§ Work request
Copy every record exactly, with nothing left out.
◆ ◆ ◆
lemma quadratic_form_diag_matrix: "x \<bullet> (diag_matrix d *v x) = (\<Sum>i\<in>UNIV. d i * (x $ i)\<^sup>2)"
  by (simp add: diag_matrix_mult_vector inner_vec_def power2_eq_square algebra_simps)

lemma psd_diag_matrix_iff: "psd (diag_matrix d) \<longleftrightarrow> (\<forall>i. 0 \<le> d i)"
proof
  assume "psd (diag_matrix d)"
  then have "0 \<le> axis i 1 \<bullet> (diag_matrix d *v axis i 1)" for i
    unfolding psd_def by blast
  then show "\<forall>i. 0 \<le> d i"
    by (simp add: quadratic_form_diag_matrix axis_def if_distrib if_distribR cong: if_cong)
qed (auto simp: psd_def quadratic_form_diag_matrix intro!: sum_nonneg)

lemma transpose_add: "transpose (A + B) = transpose A + transpose (B :: real^'n^'m)"
  by (simp add: transpose_def vec_eq_iff)

lemma psd_add: "psd A \<Longrightarrow> psd B \<Longrightarrow> psd (A + B)"
  unfolding psd_def
  by (simp add: transpose_add matrix_vector_mult_add_rdistrib inner_add_right)

lemma matrix_mult_diff_left: "((A :: real^'n^'m) - B) ** C = A ** C - B ** C"
  by (simp add: matrix_matrix_mult_def vec_eq_iff sum_subtractf algebra_simps)

lemma matrix_mult_diff_right: "(A :: real^'n^'m) ** (B - C) = A ** B - A ** C"
  by (simp add: matrix_matrix_mult_def vec_eq_iff sum_subtractf algebra_simps)

lemma symmetric_inner_matrix_vector:
  "transpose A = A \<Longrightarrow> x \<bullet> (A *v y) = y \<bullet> ((A :: real^'n^'n) *v x)"
  by (metis dot_lmul_matrix inner_commute transpose_matrix_vector)

lemma matrix_inv_right: "invertible A \<Longrightarrow> A ** matrix_inv A = mat 1"
  and matrix_inv_left: "invertible A \<Longrightarrow> matrix_inv A ** A = mat 1"
  unfolding invertible_def matrix_inv_def by (metis (mono_tags, lifting) someI_ex)+

lemma pd_invertible: "pd S \<Longrightarrow> invertible S"
proof -
  assume "pd S"
  then have "\<forall>x. S *v x = 0 \<longrightarrow> x = 0"
    unfolding pd_def by (metis inner_zero_right less_irrefl)
  then show ?thesis
    using matrix_left_invertible_ker invertible_left_inverse by blast
qed

lemma pd_matrix_inv_diag_pos:
  assumes "pd S"
  shows "0 < matrix_inv S $ i $ i"
proof -
  define y where "y = matrix_inv S *v axis i 1"
  have Sy: "S *v y = axis i 1"
    using matrix_inv_right[OF pd_invertible[OF assms]] by (simp add: y_def matrix_vector_mul_assoc)
  then have "y \<noteq> 0"
    by (metis axis_nth matrix_vector_mult_0_right zero_index zero_neq_one)
  then have "0 < y \<bullet> (S *v y)"
    using assms unfolding pd_def by blast
  also have "y \<bullet> (S *v y) = y $ i"
    unfolding Sy by (simp add: inner_axis)
  also have "\<dots> = matrix_inv S $ i $ i"
    by (simp add: y_def matrix_vector_mult_def axis_def if_distrib if_distribR cong: if_cong)
  finally show ?thesis .
qed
◆ ◆ ◆
§ Your solution
lemma quadratic_form_diag_matrix: "x \<bullet> (diag_matrix d *v x) = (\<Sum>i\<in>UNIV. d i * (x $ i)\<^sup>2)"
  by (simp add: diag_matrix_mult_vector inner_vec_def power2_eq_square algebra_simps)

lemma psd_diag_matrix_iff: "psd (diag_matrix d) \<longleftrightarrow> (\<forall>i. 0 \<le> d i)"
proof
  assume "psd (diag_matrix d)"
  then have "0 \<le> axis i 1 \<bullet> (diag_matrix d *v axis i 1)" for i
    unfolding psd_def by blast
  then show "\<forall>i. 0 \<le> d i"
    by (simp add: quadratic_form_diag_matrix axis_def if_distrib if_distribR cong: if_cong)
qed (auto simp: psd_def quadratic_form_diag_matrix intro!: sum_nonneg)

lemma transpose_add: "transpose (A + B) = transpose A + transpose (B :: real^'n^'m)"
  by (simp add: transpose_def vec_eq_iff)

lemma psd_add: "psd A \<Longrightarrow> psd B \<Longrightarrow> psd (A + B)"
  unfolding psd_def
  by (simp add: transpose_add matrix_vector_mult_add_rdistrib inner_add_right)

lemma matrix_mult_diff_left: "((A :: real^'n^'m) - B) ** C = A ** C - B ** C"
  by (simp add: matrix_matrix_mult_def vec_eq_iff sum_subtractf algebra_simps)

lemma matrix_mult_diff_right: "(A :: real^'n^'m) ** (B - C) = A ** B - A ** C"
  by (simp add: matrix_matrix_mult_def vec_eq_iff sum_subtractf algebra_simps)

lemma symmetric_inner_matrix_vector:
  "transpose A = A \<Longrightarrow> x \<bullet> (A *v y) = y \<bullet> ((A :: real^'n^'n) *v x)"
  by (metis dot_lmul_matrix inner_commute transpose_matrix_vector)

lemma matrix_inv_right: "invertible A \<Longrightarrow> A ** matrix_inv A = mat 1"
  and matrix_inv_left: "invertible A \<Longrightarrow> matrix_inv A ** A = mat 1"
  unfolding invertible_def matrix_inv_def by (metis (mono_tags, lifting) someI_ex)+

lemma pd_invertible: "pd S \<Longrightarrow> invertible S"
proof -
  assume "pd S"
  then have "\<forall>x. S *v x = 0 \<longrightarrow> x = 0"
    unfolding pd_def by (metis inner_zero_right less_irrefl)
  then show ?thesis
    using matrix_left_invertible_ker invertible_left_inverse by blast
qed

lemma pd_matrix_inv_diag_pos:
  assumes "pd S"
  shows "0 < matrix_inv S $ i $ i"
proof -
  define y where "y = matrix_inv S *v axis i 1"
  have Sy: "S *v y = axis i 1"
    using matrix_inv_right[OF pd_invertible[OF assms]] by (simp add: y_def matrix_vector_mul_assoc)
  then have "y \<noteq> 0"
    by (metis axis_nth matrix_vector_mult_0_right zero_index zero_neq_one)
  then have "0 < y \<bullet> (S *v y)"
    using assms unfolding pd_def by blast
  also have "y \<bullet> (S *v y) = y $ i"
    unfolding Sy by (simp add: inner_axis)
  also have "\<dots> = matrix_inv S $ i $ i"
    by (simp add: y_def matrix_vector_mult_def axis_def if_distrib if_distribR cong: if_cong)
  finally show ?thesis .
qed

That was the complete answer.